Е. Осьминина. Как это было

"Я в ужасе. Доходит до сердца. Кто-то отравляет нас токами (Вы не знаете!). Я борюсь с собой. У нас в семье наследственность ужасная. Мы все погибаем от этого проклятого электричества. Брат погиб, сестра… Теперь до меня. Но я борюсь и не хочу верить. Это только остатки наследственности. И потом – прошло время – мне доктора говорили, что лечили Корсакова, – мне уже 48 лет. А 48 лет – это уже 5 лет за пределом для того, чтобы уже не бояться этой проклятой наследственности" .

"Но то была петля Рока. Этот Рок смеется мне в лицо – и дико, и широко. Я слышу, визг-смех этого Рока. О, какой визг-смех! Железный, в 1000° мороза – визг ледяного холода. Он заморозил мне мозг, и я точно весь из стекла-льда – вот паду и рассыплюсь. Не уписать в тысячу книг. Века в один месяц прожиты. О, я мог бы теперь писать о Роке, о страдании" .

Эти письма дают представление о том, в каком состоянии Ив. Шмелев работал над рассказом "Это было". Шли самые страшные для него годы: 1919-1922-й. Страдания о сыне, неизвестность, догадка об ужасной правде – расстреле… В этих обстоятельствах и человек, не отягченный никакой наследственностью, способен сойти с ума.
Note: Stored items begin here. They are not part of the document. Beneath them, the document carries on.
lemma sum_poisson_binomial_insert:
  assumes "finite U" "a \<notin> U"
  shows "(\<Sum>k=0..Suc (card U). f k * poisson_binomial p (insert a U) (int k))
       = p a * (\<Sum>k=0..card U. f (Suc k) * poisson_binomial p U (int k))
         + (1 - p a) * (\<Sum>k=0..card U. f k * poisson_binomial p U (int k))"
proof -
  let ?m = "card U" and ?c = "poisson_binomial p U"
  have "(\<Sum>k=0..Suc ?m. f k * poisson_binomial p (insert a U) (int k))
      = (\<Sum>k=0..Suc ?m. p a * (f k * ?c (int k - 1)) + (1 - p a) * (f k * ?c (int k)))"
    by (rule sum.cong) (simp_all add: poisson_binomial_insert[OF assms] algebra_simps)
  also have "\<dots> = p a * (\<Sum>k=0..Suc ?m. f k * ?c (int k - 1)) + (1 - p a) * (\<Sum>k=0..Suc ?m. f k * ?c (int k))"
    by (simp add: sum.distrib sum_distrib_left del: sum.cl_ivl_Suc)
  also have "(\<Sum>k=0..Suc ?m. f k * ?c (int k - 1)) = (\<Sum>k=0..?m. f (Suc k) * ?c (int k))"
    using poisson_binomial_eq_0[OF assms(1), of "-1" p]
    by (simp only: sum.atLeast0_atMost_Suc_shift comp_def) simp
  also have "(\<Sum>k=0..Suc ?m. f k * ?c (int k)) = (\<Sum>k=0..?m. f k * ?c (int k))"
    using poisson_binomial_eq_0[OF assms(1), of "int (Suc ?m)" p] by simp
  finally show ?thesis .
qed

lemma poisson_binomial_moments:
  assumes "finite U"
  shows "(\<Sum>k=0..card U. poisson_binomial p U (int k)) = 1"
    and "(\<Sum>k=0..card U. real k * poisson_binomial p U (int k)) = (\<Sum>i\<in>U. p i)"
    and "(\<Sum>k=0..card U. real k ^ 2 * poisson_binomial p U (int k))
           = (\<Sum>i\<in>U. p i) ^ 2 + (\<Sum>i\<in>U. p i * (1 - p i))"
proof -
  have "(\<Sum>k=0..card U. poisson_binomial p U (int k)) = 1 \<and>
        (\<Sum>k=0..card U. real k * poisson_binomial p U (int k)) = (\<Sum>i\<in>U. p i) \<and>
        (\<Sum>k=0..card U. real k ^ 2 * poisson_binomial p U (int k))
           = (\<Sum>i\<in>U. p i) ^ 2 + (\<Sum>i\<in>U. p i * (1 - p i))"
    using assms
  proof (induction U rule: finite_induct)
    case empty
    thus ?case by (simp add: poisson_binomial_empty)
  next
    case (insert a U)
    let ?c = "poisson_binomial p U"
    have sum_Suc: "(\<Sum>k=0..card U. real (Suc k) * ?c (int k))
        = (\<Sum>k=0..card U. ?c (int k)) + (\<Sum>k=0..card U. real k * ?c (int k))"
      by (simp add: sum.distrib algebra_simps)
    have sum_Suc2: "(\<Sum>k=0..card U. real (Suc k) ^ 2 * ?c (int k))
        = (\<Sum>k=0..card U. real k ^ 2 * ?c (int k)) + 2 * (\<Sum>k=0..card U. real k * ?c (int k))
          + (\<Sum>k=0..card U. ?c (int k))"
      by (simp add: sum.distrib sum_distrib_left algebra_simps power2_eq_square)
    show ?case
      using sum_poisson_binomial_insert[OF insert.hyps, of "\<lambda>k. 1" p]
        sum_poisson_binomial_insert[OF insert.hyps, of "\<lambda>k. real k" p]
        sum_poisson_binomial_insert[OF insert.hyps, of "\<lambda>k. real k ^ 2" p]
        sum_Suc sum_Suc2 insert.IH insert.hyps
      by (simp add: algebra_simps power2_eq_square)
  qed
  thus "(\<Sum>k=0..card U. poisson_binomial p U (int k)) = 1"
    and "(\<Sum>k=0..card U. real k * poisson_binomial p U (int k)) = (\<Sum>i\<in>U. p i)"
    and "(\<Sum>k=0..card U. real k ^ 2 * poisson_binomial p U (int k))
           = (\<Sum>i\<in>U. p i) ^ 2 + (\<Sum>i\<in>U. p i * (1 - p i))"
    by simp_all
qed

text \<open>A discrete analogue of the differential identity for the generating polynomial
  \<open>\<Prod>j. (1 - p j + p j * z)\<close>.\<close>

lemma poisson_binomial_mean_identity:
  assumes "finite U"
  shows "(of_int k - (\<Sum>i\<in>U. p i)) * poisson_binomial p U k
       = (\<Sum>j\<in>U. p j * (1 - p j)
            * (poisson_binomial p (U - {j}) (k - 1) - poisson_binomial p (U - {j}) k))"
  using assms
proof (induction U arbitrary: k rule: finite_induct)
  case empty
  thus ?case by (simp add: poisson_binomial_empty)
next
  case (insert a U)
  let ?c = "\<lambda>V. poisson_binomial p V"
  have rec: "?c (insert a U) t = p a * ?c U (t - 1) + (1 - p a) * ?c U t" for t
    by (rule poisson_binomial_insert) (use insert in auto)
  have rec_minus: "?c (insert a U - {j}) t
      = p a * ?c (U - {j}) (t - 1) + (1 - p a) * ?c (U - {j}) t" if "j \<in> U" for j t
  proof -
    have "insert a U - {j} = insert a (U - {j})" using that insert.hyps by auto
    thus ?thesis using poisson_binomial_insert[of "U - {j}" a p t] insert.hyps by auto
  qed
  have "(\<Sum>j\<in>insert a U. p j * (1 - p j) * (?c (insert a U - {j}) (k - 1) - ?c (insert a U - {j}) k))
      = p a * (1 - p a) * (?c U (k - 1) - ?c U k)
        + (\<Sum>j\<in>U. p j * (1 - p j) * (?c (insert a U - {j}) (k - 1) - ?c (insert a U - {j}) k))"
    using insert.hyps by (simp add: insert_Diff_if)
  also have "(\<Sum>j\<in>U. p j * (1 - p j) * (?c (insert a U - {j}) (k - 1) - ?c (insert a U - {j}) k))
      = p a * (\<Sum>j\<in>U. p j * (1 - p j) * (?c (U - {j}) (k - 1 - 1) - ?c (U - {j}) (k - 1)))
        + (1 - p a) * (\<Sum>j\<in>U. p j * (1 - p j) * (?c (U - {j}) (k - 1) - ?c (U - {j}) k))"
    by (simp add: rec_minus sum_distrib_left sum.distrib[symmetric] algebra_simps cong: sum.cong)
  also have "\<dots> = p a * ((of_int (k - 1) - (\<Sum>i\<in>U. p i)) * ?c U (k - 1))
                  + (1 - p a) * ((of_int k - (\<Sum>i\<in>U. p i)) * ?c U k)"
    using insert.IH[of "k - 1"] insert.IH[of k] by simp
  finally show ?case using insert.hyps by (simp add: rec algebra_simps)
qed

section \<open>Log-concave sequences with a steep drop\<close>

text \<open>Abel summation against a weight \<open>h\<close>: it turns the ratio bound
  \<open>w (Suc y) \<le> t * w y\<close> into linear bounds on weighted tail sums.\<close>

lemma summation_by_parts_ratio_nonneg:
  fixes w h :: "nat \<Rightarrow> real" and t :: real
  assumes "\<And>y. 0 \<le> h y" "0 \<le> t" "\<And>y. 0 \<le> w y" "\<And>y. y < L \<Longrightarrow> w (Suc y) \<le> t * w y"
  shows "0 \<le> t * h 0 * w 0 + (\<Sum>y<L. (t * h (Suc y) - h y) * w (Suc y))"
proof -
  have "(\<Sum>y<L. h y * (t * w y - w (Suc y))) + t * h L * w L
      = t * h 0 * w 0 + (\<Sum>y<L. (t * h (Suc y) - h y) * w (Suc y))"
    by (induction L) (simp_all add: algebra_simps)
  moreover have "0 \<le> (\<Sum>y<L. h y * (t * w y - w (Suc y))) + t * h L * w L"
    using assms by (intro add_nonneg_nonneg sum_nonneg mult_nonneg_nonneg) auto
  ultimately show ?thesis by simp
qed

lemma sum_index_weighted_le_ratio:
  fixes w :: "nat \<Rightarrow> real" and t :: real
  assumes "0 \<le> t" "t < 1" "\<And>y. 0 \<le> w y" "\<And>y. y < L \<Longrightarrow> w (Suc y) \<le> t * w y"
  shows "(\<Sum>y<L. real (Suc y) * w (Suc y)) \<le> t / (1 - t)^2 * w 0"
proof -
  define h where "h y = 1 / (1 - t)^2 + real y / (1 - t)" for y
  have "0 \<le> h y" for y using assms(2) unfolding h_def by auto
  hence "0 \<le> t * h 0 * w 0 + (\<Sum>y<L. (t * h (Suc y) - h y) * w (Suc y))"
    using assms by (intro summation_by_parts_ratio_nonneg) auto
  moreover have "t * h (Suc y) - h y = - real (Suc y)" for y
  proof -
    have "t * h (Suc y) - h y
        = ((1 - (1 - t)) * (1 + (real y + 1) * (1 - t)) - 1 - real y * (1 - t)) / (1 - t)^2"
      unfolding h_def using assms(2) by (simp add: field_simps power2_eq_square)
    also have "(1 - (1 - t)) * (1 + (real y + 1) * (1 - t)) - 1 - real y * (1 - t)
        = - (real y + 1) * (1 - t)^2"
      by (simp add: algebra_simps power2_eq_square)
    finally show ?thesis using assms(2) by simp
  qed
  hence "(\<Sum>y<L. (t * h (Suc y) - h y) * w (Suc y)) = - (\<Sum>y<L. real (Suc y) * w (Suc y))"
    by (simp only: sum_negf[symmetric] mult_minus_left)
  moreover have "t * h 0 = t / (1 - t)^2" unfolding h_def by simp
  ultimately show ?thesis by simp
qed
Но Шмелев – не сошел. Зато сумел художественно изобразить сознание героя, находящегося в бреду и полубезумии: сдвиг времени и пространства, прерванные логические связи, странные выводы. То реалии первой мировой войны, то какая-то… Южная Америка; компания шпионов и страх за казну; оргии с гашишем и дорогими винами, а в конце – не то больница, не то тюрьма.
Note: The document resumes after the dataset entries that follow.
theorem mainTheorem1:
  fixes Phi :: "real^3 \<Rightarrow> real" and gPhi :: "real^3 \<Rightarrow> real^3"
    and D2Phi :: "real^3 \<Rightarrow> ((real^3) \<Rightarrow>\<^sub>L (real^3))"
    and NC NT :: nat and N :: "nat \<Rightarrow> nat" and q :: "nat \<Rightarrow> nat \<Rightarrow> real"
    and clsd :: "nat \<Rightarrow> bool" and ic :: "nat \<Rightarrow> nat \<Rightarrow> nat" and rh :: "nat \<Rightarrow> nat \<Rightarrow> real"
    and X :: "nat \<Rightarrow> real \<Rightarrow> real^3" and F :: "nat \<Rightarrow> real \<Rightarrow> real"
    and sigma tau :: real
  assumes Phi_grad: "\<And>z. (Phi has_derivative (\<lambda>h. gPhi z \<bullet> h)) (at z)"
    and Phi_C2: "\<And>z. (gPhi has_derivative blinfun_apply (D2Phi z)) (at z)" "continuous_on UNIV D2Phi"
    and Phi_regular: "\<And>z. Phi z = 0 \<Longrightarrow> gPhi z \<noteq> 0"
    and net: "network NC N q clsd NT ic rh"
    and X_in: "X \<in> Vh NC N q clsd NT ic rh"
    and X_nodes: "\<And>i j. i < NC \<Longrightarrow> j \<le> N i \<Longrightarrow> gPhi (X i (q i j)) \<noteq> 0"
    and sigma_pos: "sigma > 0" and tau_pos: "tau > 0"
    and A: "assm_A NC N q clsd X"
    and A1: "assm_A1 gPhi NC N q clsd X"
    and A2: "assm_A2 gPhi N q clsd NT ic X"
    and F_in: "F \<in> Wh NC N q clsd"
  shows "\<exists>!(dX, kappa).
     dX \<in> V_Phi gPhi NC N q clsd NT ic rh X \<and> kappa \<in> Wh NC N q clsd \<and>
     (\<forall>chi\<in>Wh NC N q clsd.
        lumped NC N q X (\<lambda>i r. (dX i r /\<^sub>R tau) \<bullet> (chi i r *\<^sub>R omega_M_fun gPhi N q clsd X i r))
        - sigma * lumped NC N q X (\<lambda>i r. kappa i r * chi i r)
        = lumped NC N q X (\<lambda>i r. F i r * chi i r)) \<and>
     (\<forall>eta\<in>V_Phi gPhi NC N q clsd NT ic rh X.
        lumped NC N q X (\<lambda>i r. (kappa i r *\<^sub>R omega_M_fun gPhi N q clsd X i r) \<bullet> eta i r)
        + l2m NC X (nabla_s X dX) (nabla_s X eta)
        = - l2m NC X (nabla_s X X) (nabla_s X eta))"
proof -
  interpret discrete_curvature_flow gPhi NC NT N q clsd ic rh X sigma tau
    using net X_in A A1 A2 sigma_pos tau_pos by unfold_locales
  obtain B where "finite B" "independent B" "span B = V \<times> W"
    by (rule finite_basis)
  then have "\<exists>!w. w \<in> V \<times> W \<and> (\<forall>v\<in>V \<times> W. system_form w v = system_rhs F v)"
    using linear_system_form_left linear_system_form_right linear_system_rhs system_form_nondegenerate
    by (rule bilinear_form_unique_solution)
  then show ?thesis
    unfolding solution_iff_system .
qed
И все это тоже было, и все это наблюдал Иван Сергеевич Шмелев, закончивший свой рассказ 9 мая 1922 года, уже по приезде из красно-бело-красного Крыма в нэповскую Москву. Приведем в качестве своеобразного комментария следующие наблюдения очевидцев:

Вот Крым: "…целый ряд нездоровых явлений, мелкая и крупная спекуляция… Атмосфера загнанности, сменяющихся надежд и страхов способствовали возникновению самых фантастических слухов: об объявлении царя, о прибытии немецких аэропланов или о выходе в поход казачьей армии во главе с ген. Красновым. Возлагались огромные надежды на новые, более или менее серьезные изобретения. Так, например, 27 июля Совет при главнокомандующем ассигновал "не свыше шести миллионов рублей на устройство опытной станции" для испытания изобретенного инженером-поручиком Ф. М. Синицыным "генератора вынужденных незатухающих колебаний для радиотелеграфных станций"" .

А вот и Москва: "В России опять голод местами, а Москва живет, ездит машинами, зияет пустырями, сияет Кузнецким, Петровкой и Тверской, где цены не пугают <…> гладкое хайло – новую буржуазию". "Нэп жиреет и ширится, бухнет, собирает золото про запас, блядлив, и пуглив, и нахален, когда можно" .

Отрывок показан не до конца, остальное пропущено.